9

I know there are countless resources on method swizzling. However is it possible to swizzle a method from a private API? The problem is that there are no header files. I would like to swizzle a method from a private class in a PrivateFramework such as (random example) Message.framework methods

This is for personal testing, I understand that it will get rejected to oblivion by Apple.

Bryan Chen
  • 45,816
  • 18
  • 112
  • 143
John Smith
  • 307
  • 3
  • 14
  • 1
    If you're ever trying to do anything with Private APIs, where you feel like you need header files, you can just reverse engineer them. Look into tools like `class-dump` or `class-dump-z`. Lots of people have also posted the reverse-engineered headers online themselves. Then, just include that header as a source file in your project. If you get into problems with reverse-engineered headers not compiling, often times you just need to manually inspect them, and remove `#imports` that you don't need, or just prune down the header file to only include the function you're interested in. – Nate Jun 28 '14 at 22:25
  • That's what I was doing initially and thought there must be an easier way. Anyhow, I am able to swizzle this private API thanks to Bryan (see below). The problem is that other frameworks are not able to get swizzled. i.e. if I call that method directly from my test code I get the swizzled function, but if that method is called in some other framework it does not call my swizzled function. – John Smith Jun 29 '14 at 01:14
  • You might need to post a new, follow-up question. Also, please be specific. Which API are you swizzling would be useful to know, and are you saying that when that API is called from within your app's process, but invoked directly by a framework (not your code), then the swizzling doesn't work? – Nate Jun 29 '14 at 21:38

2 Answers2

11

You can use NSClassFromString to get Class and use runtime library to perform method swizzling. No header files required. You just need to know class name and method signature.

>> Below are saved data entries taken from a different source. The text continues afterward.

text \<open>In a tree the distance of two vertices is the total length of the edges separating them, so
  \<open>W = \<Sum>\<^sub>e |A\<^sub>e| |B\<^sub>e| \<ell>\<^sub>e\<close>, where \<open>A\<^sub>e\<close> and \<open>B\<^sub>e\<close> are the two sides of \<open>e\<close>.
  Contracting an edge \<open>e\<close> deletes one of its endpoints, and this vertex lies on exactly one side of
  every other edge \<open>d\<close>; since the second endpoints of the edges other than \<open>d\<close> cover each side of
  \<open>d\<close> except for one vertex, summing the edge formula over all contractions yields
  \<open>\<Sum>\<^sub>e W(\<Gamma>/e) = (v - 4) W + v \<ell>\<close>, while \<open>\<Sum>\<^sub>e \<ell>(\<Gamma>/e) = (v - 2) \<ell>\<close>.
  Iterating this affine recursion \<open>k\<close> times gives the iterated sum as
  \<open>(v-4)!/(v-4-k)! \<cdot> (W + c(v,k) \<ell>)\<close>, which is solved for \<open>W\<close>.\<close>

lemma wf_mgraph_ends_in_verts:
  "wf_mgraph G \<Longrightarrow> e \<in> edges G \<Longrightarrow> ends G e = (x, y) \<Longrightarrow> x \<in> verts G \<and> y \<in> verts G"
  unfolding wf_mgraph_def by (metis fst_conv snd_conv)

lemma walk_target_in_verts: "walk G p es q \<Longrightarrow> q \<in> verts G"
  by (induction rule: walk.induct) auto

lemma walk_source_in_verts: "wf_mgraph G \<Longrightarrow> walk G p es q \<Longrightarrow> p \<in> verts G"
  by (erule walk.cases) (auto dest: wf_mgraph_ends_in_verts)

lemma walk_edges_subset: "walk G p es q \<Longrightarrow> set es \<subseteq> edges G"
  by (induction rule: walk.induct) auto

lemma walk_Nil_iff: "walk G p [] q \<longleftrightarrow> p = q \<and> p \<in> verts G"
  by (auto elim: walk.cases intro: walk.intros)

lemma walk_Cons_iff:
  "walk G p (e # es) q \<longleftrightarrow>
     e \<in> edges G \<and> (\<exists>r. (ends G e = (p, r) \<or> ends G e = (r, p)) \<and> walk G r es q)"
  by (auto elim: walk.cases intro: walk.intros)

lemma walk_single_iff:
  assumes "wf_mgraph G"
  shows "walk G p [e] q \<longleftrightarrow> e \<in> edges G \<and> (ends G e = (p, q) \<or> ends G e = (q, p))"
  using wf_mgraph_ends_in_verts[OF assms] by (auto simp: walk_Cons_iff walk_Nil_iff)

lemma walk_append: "walk G p xs r \<Longrightarrow> walk G r ys q \<Longrightarrow> walk G p (xs @ ys) q"
  by (induction rule: walk.induct) (auto intro: walk.intros)

lemma walk_append_iff:
  assumes "wf_mgraph G"
  shows "walk G p (xs @ ys) q \<longleftrightarrow> (\<exists>r. walk G p xs r \<and> walk G r ys q)"
proof (induction xs arbitrary: p)
  case Nil
  show ?case using walk_source_in_verts[OF assms] by (auto simp: walk_Nil_iff)
next
  case (Cons x xs)
  then show ?case by (auto simp: walk_Cons_iff)
qed

lemma walk_rev:
  assumes "wf_mgraph G"
  shows "walk G p es q \<Longrightarrow> walk G q (rev es) p"
  by (induction rule: walk.induct)
    (auto simp: walk_append_iff[OF assms] walk_single_iff[OF assms] walk_Nil_iff)

lemma walk_distinct_subwalk:
  assumes wf: "wf_mgraph G"
  shows "walk G p es q \<Longrightarrow> \<exists>es'. walk G p es' q \<and> distinct es' \<and> set es' \<subseteq> set es"
proof (induction "length es" arbitrary: es rule: less_induct)
  case less
  show ?case
  proof (cases "distinct es")
    case True
    then show ?thesis using less.prems by auto
  next
    case False
    then obtain xs ys zs y where es: "es = xs @ [y] @ ys @ [y] @ zs"
      using not_distinct_decomp by blast
    with less.prems obtain r1 r2 r3 r4 where
      "walk G p xs r1" "walk G r1 [y] r2" "walk G r3 [y] r4" "walk G r4 zs q"
      by (auto simp only: walk_append_iff[OF wf])
    moreover from this(2,3) have "r4 = r1 \<or> r4 = r2"
      by (auto simp: walk_single_iff[OF wf])
    ultimately obtain es2 where "walk G p es2 q" "set es2 \<subseteq> set es" "length es2 < length es"
    proof (elim disjE)
      assume "r4 = r1"
      then have "walk G p (xs @ zs) q"
        using \<open>walk G p xs r1\<close> \<open>walk G r4 zs q\<close> walk_append_iff[OF wf] by blast
      then show ?thesis using that[of "xs @ zs"] es by auto
    next
      assume "r4 = r2"
      then have "walk G p (xs @ [y] @ zs) q"
        using \<open>walk G p xs r1\<close> \<open>walk G r1 [y] r2\<close> \<open>walk G r4 zs q\<close>
          walk_append_iff[OF wf] by blast
      then show ?thesis using that[of "xs @ [y] @ zs"] es by auto
    qed
    then show ?thesis using less.hyps by blast
  qed
qed

definition reachable_avoiding :: "('a, 'e) mgraph \<Rightarrow> 'e \<Rightarrow> 'a \<Rightarrow> 'a \<Rightarrow> bool" where
  "reachable_avoiding G e p q \<longleftrightarrow> (\<exists>ws. walk G p ws q \<and> e \<notin> set ws)"

lemma reachable_avoiding_refl: "p \<in> verts G \<Longrightarrow> reachable_avoiding G e p p"
  unfolding reachable_avoiding_def by (auto intro: walk.intros)

lemma reachable_avoiding_sym:
  "wf_mgraph G \<Longrightarrow> reachable_avoiding G e p q \<Longrightarrow> reachable_avoiding G e q p"
  unfolding reachable_avoiding_def using walk_rev by fastforce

sel_getUid can be used when @selector(somePrivateMethod) give your error about somePrivateMethod is not valid selector (because header is not available)

Code taken from my Xcode plugin

SEL sel = sel_getUid("codeDiagnosticsAtLocation:withCurrentFileContentDictionary:forIndex:");
Class IDEIndexClangQueryProviderClass = NSClassFromString(@"IDEIndexClangQueryProvider");

Method method = class_getInstanceMethod(IDEIndexClangQueryProviderClass, sel);
IMP originalImp = method_getImplementation(method);

IMP imp = imp_implementationWithBlock(^id(id me, id loc, id dict, IDEIndex *idx) {
    id ret = ((id (*)(id,SEL,id,id,id))originalImp)(me, sel, loc, dict, idx);

    // do work

    return ret;
});

method_setImplementation(method, imp);
Bryan Chen
  • 45,816
  • 18
  • 112
  • 143
  • what happened? also make sure these code did run... put it in `+[load]` – Bryan Chen Jun 27 '14 at 09:24
  • The code is definitely running. However, to verify this, I can call the private API and see whether it calls the original method or the swizzled one. I tried this and I get: "unrecognized selector sent to class" which means my private api is not being called at all. I used the declared class for example: [IDEIndexClangQueryProviderClass codeDiagnosticsAtLocation:0 withCurrentFileContentDictionary:0 forIndex:NULL] – John Smith Jun 28 '14 at 09:40
  • wait... why are you trying to call `[IDEIndexClangQueryProviderClass codeDiagnosticsAtLocation:0 withCurrentFileContentDictionary:0 forIndex:NULL]`? it just example. unless you are also writing Xcode plugin, it won't work. you suppose to change the class name, selector name, and method signatures to something exists on ios. – Bryan Chen Jun 28 '14 at 10:59
  • Update- No, I was calling my own swizzled private API and it worked. Anyhow- I realized that the method I was trying to swizzle is an instance method so instead of [Class_I_chose_above args:NULL] I should use allocate/init an instance which worked :) Thanks! – John Smith Jun 28 '14 at 12:06
  • Adding to your answer: You can also use `NSSelectorFromString()` instead of `sel_getUid` to grab a selector while still bypassing compiler checks. I find `NSSelectorFromString` a little more accessible for interoperability with Swift – Charlton Provatas Apr 07 '18 at 15:29
0

Create a category on the class and add the declaration for the method you want to call. Then you can just instantiate an instance of the class and call the method.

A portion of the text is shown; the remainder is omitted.